lemma det_column_expansion:
  fixes C :: "'n::finite \<Rightarrow> real^'n" and v :: "real^'n"
  shows "det (\<chi> r c. if c = k then v$r else C c $ r) =
    (\<Sum>j\<in>UNIV. v$j * det (\<chi> r c. if c = k then (if r = j then 1 else 0) else C c $ r))"
proof -
  have transp: "det ((\<chi> r c. if c = k then w$r else C c $ r) :: real^'n^'n)
      = det (\<chi> c. if c = k then w else C c)" for w :: "real^'n"
  proof -
    let ?X = "(\<chi> r c. if c = k then w$r else C c $ r) :: real^'n^'n"
    have e: "transpose ?X = (\<chi> c. if c = k then w else C c)"
      by (simp add: transpose_def vec_eq_iff)
    have "det ?X = det (transpose ?X)" by (rule det_transpose[symmetric])
    also have "\<dots> = det (\<chi> c. if c = k then w else C c)" by (simp only: e)
    finally show ?thesis .
  qed
  have "det (\<chi> c. if c = k then v else C c)
      = det (\<chi> c. if c = k then (\<Sum>j\<in>UNIV. v$j *s axis j 1) else C c)"
    by (simp only: basis_expansion)
  also have "\<dots> = (\<Sum>j\<in>UNIV. det (\<chi> c. if c = k then v$j *s axis j 1 else C c))"
    by (rule det_linear_row_sum) simp
  also have "\<dots> = (\<Sum>j\<in>UNIV. v$j * det (\<chi> c. if c = k then axis j 1 else C c))"
    by (simp only: det_row_mul)
  also have "\<dots> = (\<Sum>j\<in>UNIV. v$j * det (\<chi> r c. if c = k then (axis j 1 :: real^'n)$r else C c $ r))"
    by (simp only: transp vec_lambda_eta)
  also have "\<dots> = (\<Sum>j\<in>UNIV. v$j * det (\<chi> r c. if c = k then (if r = j then 1 else 0) else C c $ r))"
  proof -
    have "((\<chi> r c. if c = k then (axis j 1 :: real^'n)$r else C c $ r) :: real^'n^'n)
        = (\<chi> r c. if c = k then (if r = j then 1 else 0) else C c $ r)" for j
      by (simp add: vec_eq_iff axis_def)
    then show ?thesis by simp
  qed
  finally show ?thesis using transp[of v] by simp
qed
+--
REQUIRED WORK: Set down each record verbatim.

EXERCISE RESPONSE:
lemma det_column_expansion:
  fixes C :: "'n::finite \<Rightarrow> real^'n" and v :: "real^'n"
  shows "det (\<chi> r c. if c = k then v$r else C c $ r) =
    (\<Sum>j\<in>UNIV. v$j * det (\<chi> r c. if c = k then (if r = j then 1 else 0) else C c $ r))"
proof -
  have transp: "det ((\<chi> r c. if c = k then w$r else C c $ r) :: real^'n^'n)
      = det (\<chi> c. if c = k then w else C c)" for w :: "real^'n"
  proof -
    let ?X = "(\<chi> r c. if c = k then w$r else C c $ r) :: real^'n^'n"
    have e: "transpose ?X = (\<chi> c. if c = k then w else C c)"
      by (simp add: transpose_def vec_eq_iff)
    have "det ?X = det (transpose ?X)" by (rule det_transpose[symmetric])
    also have "\<dots> = det (\<chi> c. if c = k then w else C c)" by (simp only: e)
    finally show ?thesis .
  qed
  have "det (\<chi> c. if c = k then v else C c)
      = det (\<chi> c. if c = k then (\<Sum>j\<in>UNIV. v$j *s axis j 1) else C c)"
    by (simp only: basis_expansion)
  also have "\<dots> = (\<Sum>j\<in>UNIV. det (\<chi> c. if c = k then v$j *s axis j 1 else C c))"
    by (rule det_linear_row_sum) simp
  also have "\<dots> = (\<Sum>j\<in>UNIV. v$j * det (\<chi> c. if c = k then axis j 1 else C c))"
    by (simp only: det_row_mul)
  also have "\<dots> = (\<Sum>j\<in>UNIV. v$j * det (\<chi> r c. if c = k then (axis j 1 :: real^'n)$r else C c $ r))"
    by (simp only: transp vec_lambda_eta)
  also have "\<dots> = (\<Sum>j\<in>UNIV. v$j * det (\<chi> r c. if c = k then (if r = j then 1 else 0) else C c $ r))"
  proof -
    have "((\<chi> r c. if c = k then (axis j 1 :: real^'n)$r else C c $ r) :: real^'n^'n)
        = (\<chi> r c. if c = k then (if r = j then 1 else 0) else C c $ r)" for j
      by (simp add: vec_eq_iff axis_def)
    then show ?thesis by simp
  qed
  finally show ?thesis using transp[of v] by simp
qed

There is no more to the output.